This is the mail archive of the
gcc-bugs@gcc.gnu.org
mailing list for the GCC project.
[Bug target/77308] surprisingly large stack usage for sha512 on arm
- From: "bernd.edlinger at hotmail dot de" <gcc-bugzilla at gcc dot gnu dot org>
- To: gcc-bugs at gcc dot gnu dot org
- Date: Sun, 21 Aug 2016 21:32:47 +0000
- Subject: [Bug target/77308] surprisingly large stack usage for sha512 on arm
- Authentication-results: sourceware.org; auth=none
- Auto-submitted: auto-generated
- References: <bug-77308-4@http.gcc.gnu.org/bugzilla/>
https://gcc.gnu.org/bugzilla/show_bug.cgi?id=77308
--- Comment #4 from Bernd Edlinger <bernd.edlinger at hotmail dot de> ---
hmm, when I compare aarch64 vs. arm sha512.c.260r.reload
with -O3 -fno-schedule-insns
I see a big difference:
aarch64 has only few spill regs
subreg regs:
Slot 0 regnos (width = 8): 856
Slot 1 regnos (width = 8): 857
Slot 2 regnos (width = 8): 858
Slot 3 regnos (width = 8): 859
Slot 4 regnos (width = 8): 860
Slot 5 regnos (width = 8): 861
Slot 6 regnos (width = 8): 862
Slot 7 regnos (width = 8): 2117
Slot 8 regnos (width = 8): 1164
Slot 9 regnos (width = 8): 1052
but arm has 415 (8 bytes each)
and the line "subreg regs:" before the Spill Slots is contains ~1500 regs.

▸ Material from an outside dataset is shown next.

(* Let $X$ be a locally compact space such that the closure of every quasi-compact subspace is quasi-compact. Then (a) the identity map $\mathcal{H}'X\to\mathcal{H}X$ is a homeomorphism; (b) for every compact subspace $K\subset X$ there exists $C_K>0$ such that for all $S\in\mathcal{H}X$, $S\cap K\neq\emptyset$ implies $\#S\le C_K$. (c) Moreover, if $G$ is a locally compact proper groupoid with $G^{(0)}$ Hausdorff, then the closure in $G$ of every quasi-compact subspace of $G$ is quasi-compact (so (a) and (b) hold for $X=G$).
   Context: Quasi-compact: every open cover has a finite subcover; compact: quasi-compact Hausdorff; locally compact: every point has a compact neighbourhood (not necessarily Hausdorff). $\mathcal{H}X$ is the set of nonempty $S\subset X$ such that for every finite family $(V_i)$ of open sets with $S\cap V_i\neq\emptyset$ for all $i$, $\bigcap_iV_i\neq\emptyset$; its topology is generated by the sets $\Omega_V=\{S: S\cap V\ne\emptyset\}$ ($V$ open) and $\Omega^Q=\{S:S\cap Q=\emptyset\}$ ($Q$ quasi-compact). $\mathcal{H}'X$ is the set $\mathcal{H}X$ with the coarsest topology making the identity $\mathcal{H}'X\to\mathcal{H}X$ continuous and making $\Omega'_V=\{S\in\mathcal{H}X: S\subset V\}$ open for every relatively quasi-compact open $V\subset X$. $\#S$ is the cardinality. A groupoid $G$ is proper if $(r,s)\colon G\to G^{(0)}\times G^{(0)}$ is closed with quasi-compact fibres. *)

theory Defs
  imports "HOL-Analysis.Analysis"
begin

and while aarch64 does not have a single subreg in any pass,
the arm has lots of subregs before lra eliminates all of them.
like this, in sha512.c.217r.expand:
(insn 85 84 86 5 (set (subreg:SI (reg:DI 1670) 4)
(ashift:SI (subreg:SI (reg:DI 1669) 0)
(const_int 24 [0x18]))) sha512.c:98 -1
(nil))
(insn 86 85 87 5 (set (subreg:SI (reg:DI 1670) 0)
(const_int 0 [0])) sha512.c:98 -1
(nil))
This funny instruction is generated in arm_emit_coreregs_64bit_shift:
/* Shifts by a constant greater than 31. */
rtx adj_amount = GEN_INT (INTVAL (amount) - 32);
emit_insn (SET (out_down, SHIFT (code, in_up, adj_amount)));
if (code == ASHIFTRT)
emit_insn (gen_ashrsi3 (out_up, in_up,
GEN_INT (31)));
else
emit_insn (SET (out_up, const0_rtx));
From my past experience, I assume that using a subreg to write
an half of the out register makes more problems than it solves.
So I tried this:
Index: gcc/config/arm/arm.c
===================================================================
--- gcc/config/arm/arm.c (revision 239624)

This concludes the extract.